Last updated : 28 September 2002 By Ed_ScottishFitba
Hungary still have high hope of winning the right to host EURO2008. It is their turn to escort the delegation from UEFA around their proposed venues for the football festival in six years time. Football Federation secretary general Sandor Berzi is hanging onto the hope that a one-nation bid makes life a lot easier for everyone. Berzi plans to use this argument during the tour. He will be playing up coordination and logistics problems seen at EURO2000, co-hosted by Belgium and the Netherlands, and at this year's World Cup in South Korea and Japan.

Hungarian Football Federation Berzi said in an interview the other day: "I hope a solo bid has more advantages than disadvantages. To make a European championship with another country...there are a lot of big problems with language, borders, different taxes and policing systems" .

Berzi thinks the key to Hungary's bid is its location, its football tradition and the full backing of the new government, which stands as project guarantor. He said Hungary, close to Europe's geographical heart and with a population of 10 million, bordering seven countries, makes it an ideal location for a month-long event where many fans travel to matches and then go home again straight away. While the government is offering full support to the EURO2008 bid, it has gone quiet on a bid to host the 2012 Olympic Games. This allows more time to lobby for the football championship, the third biggest sports event on the world calendar. The government has said it is willing to dig deep into the treasury and has pledged 500 billion forints ($2.02 billion) to improve road, rail and air links and build new hotels if the bid is successful.
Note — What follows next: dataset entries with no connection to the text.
lemma alt_word_append_rev: "alt_word i j k @ rev (alt_word j i k) = alt_word i j (2 * k)"
proof (rule nth_equalityI)
  show "length (alt_word i j k @ rev (alt_word j i k)) = length (alt_word i j (2 * k))"
    by (simp add: alt_word_def)
  fix p
  assume "p < length (alt_word i j k @ rev (alt_word j i k))"
  then have p: "p < 2 * k" by (simp add: alt_word_def)
  show "(alt_word i j k @ rev (alt_word j i k)) ! p = alt_word i j (2 * k) ! p"
  proof (cases "p < k")
    case True
    then show ?thesis using p by (simp add: nth_append alt_word_nth alt_word_def)
  next
    case False
    then have "(alt_word i j k @ rev (alt_word j i k)) ! p = alt_word j i k ! (k - 1 - (p - k))"
      using p by (simp add: nth_append rev_nth alt_word_def)
    moreover have "even (k - 1 - (p - k)) \<longleftrightarrow> odd p" using p False by presburger
    ultimately show ?thesis using p False by (simp add: alt_word_nth)
  qed
qed

lemma alt_word_even: "alt_word i j (2 * k) = concat (replicate k [i, j])"
proof (induction k)
  case 0
  then show ?case by (simp add: alt_word_def)
next
  case (Suc k)
  have "alt_word i j (Suc (Suc m)) = i # j # alt_word i j m" for m
    by (rule nth_equalityI) (auto simp: alt_word_nth nth_Cons split: nat.splits)
  moreover have "2 * Suc k = Suc (Suc (2 * k))" by simp
  ultimately show ?case using Suc by simp
qed

context coxeter_system
begin

abbreviation "RA \<equiv> artin_relators n M"
abbreviation "A \<equiv> artin_group n M"
lemma (in prob_space) in_annihilator_doubles_if_symmetric:
  fixes X :: "'a \<Rightarrow> 'b::{second_countable_topology, ab_group_add}"
  assumes tag: "topological_ab_group TYPE('b)"
    and X: "random_variable borel X"
    and sym: "distr M borel X = distr M borel (\<lambda>\<omega>. - X \<omega>)"
    and H: "H \<subseteq> characters"
    and ae: "AE \<omega> in M. \<forall>h\<in>H. h (X \<omega>) = h z"
  shows "z \<in> annihilator (doubles H)"
proof -
  have "{x \<in> space borel. \<forall>h\<in>H. h x = h z} \<in> sets borel"
    using closed_Collect_characters_eq[OF H] by simp
  with ae X have "AE x in distr M borel X. \<forall>h\<in>H. h x = h z"
    by (simp add: AE_distr_iff)
  then have "AE \<omega> in M. \<forall>h\<in>H. h (- X \<omega>) = h z"
    unfolding sym using topological_ab_group_measurable_uminus[OF tag X] by (rule AE_distrD[rotated])
  with ae have "AE \<omega> in M. \<forall>h\<in>H. h (X \<omega>) = h z \<and> h (- X \<omega>) = h z"
    by eventually_elim blast
  then obtain \<omega> where \<omega>: "\<forall>h\<in>H. h (X \<omega>) = h z \<and> h (- X \<omega>) = h z"
    by (rule AE_imp_ex)
  have "(h z)\<^sup>2 = 1" if "h \<in> H" for h
  proof -
    have h: "h \<in> characters"
      using that H by blast
    have hX: "h (X \<omega>) = h z" and hmX: "h (- X \<omega>) = h z"
      using \<omega> that by blast+
    have "h z = inverse (h (X \<omega>))"
      using character_uminus[OF h] hmX by metis
    also note hX
    finally have "h z = inverse (h z)" .
    with character_nonzero[OF h, of z] show ?thesis
      by (metis power2_eq_square right_inverse)
  qed
  then show ?thesis
    unfolding annihilator_def doubles_def by force
qed

lemma emeasure_shift_compl_annihilator:
  fixes X :: "'m \<Rightarrow> 'a::{second_countable_topology, ab_group_add}"
  assumes tag: "topological_ab_group TYPE('a)"
    and X: "X \<in> borel_measurable M"
    and H: "H \<subseteq> characters"
    and ae: "AE \<omega> in M. \<forall>h\<in>H. h (X \<omega>) = h c"
  shows "emeasure (distr (distr M borel X) borel (\<lambda>x. x - c)) (UNIV - annihilator H) = 0"
proof -
  have shift: "(\<lambda>x. x - c) \<in> borel_measurable borel"
    by (intro topological_ab_group_measurable_diff[OF tag] measurable_ident_sets) auto
  have X_shift: "(\<lambda>\<omega>. X \<omega> - c) \<in> borel_measurable M"
    by (intro topological_ab_group_measurable_diff[OF tag X]) auto
  have K: "annihilator H \<in> sets borel"
    using closed_Collect_characters_eq[OF H, of "\<lambda>_. 1"] unfolding annihilator_def by simp
  from ae have "AE \<omega> in M. X \<omega> - c \<in> annihilator H"
  proof (rule eventually_mono)
    fix \<omega> assume "\<forall>h\<in>H. h (X \<omega>) = h c"
    with H show "X \<omega> - c \<in> annihilator H"
      unfolding annihilator_def by (auto simp: character_diff character_nonzero)
  qed
  then have "AE x in distr M borel (\<lambda>\<omega>. X \<omega> - c). x \<in> annihilator H"
    using X_shift K by (simp add: AE_distr_iff)
  then have "emeasure (distr M borel (\<lambda>\<omega>. X \<omega> - c)) (UNIV - annihilator H) = 0"
    using K by (subst AE_iff_measurable[symmetric]) auto
  then show ?thesis
    using distr_distr[OF shift X] by (simp add: comp_def)
qed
The commitment includes 120 billion forints ($484 million) for five new stadiums - in Budapest, Debrecen, Kaposvar, Miskolc and Szeged - and the complete renovation of three others in Budapest, Szekesfehervar and Gyor. They are further behind the Scotland-Ireland bid and they could only show building sites to the visiting UEFA team. Hungary has already a long-term stadium rebuilding programme in place. They are in the process of improving up to 40 current grounds at a cost of 21 billion forints ($84.67 million). Much like our bid Hungary knows there is no long-term need for all the seats that would be built for the 2008 championships. They would also plan to dismantle parts of the new venues after the tournament to make way for shops, restaurants and conference centres.

Hungary will also underline that they do not have a tradition of football hooliganism, though there are often ugly scenes at the Ferencvaros versus Ujpest league fixtures in the capital, Budapest. Berzi knows all about trouble as he sat on UEFA's disciplinary committee. He said: "We learnt from previous competitions. The key is the stadiums and ticketing. If we have a good ticketing system, there is an almost 100 percent chance Hungary can avoid the hooligans."

Berzi also noted that a solo nation bid would allow more teams to qualify for the 16-nation finals. With any joint bid, at least two hosts qualify automatically. Berzi said: "
It's one of our arguments but we don't yet know what UEFA's reaction will be". Berzi also picked up on an argument offered by the SFA when they were outlining their plans in the early days of the bid. FIFA plan to rotate future World Cups among the continents, which would make the idea of hosting the European championship rather more interesting to Europe's big football powers. With Hungary sitting just behind Scotland in the FIFA rankings at 64th, neither country could claim to be a power. This could be the last chance for a number of the bidders including Hungary.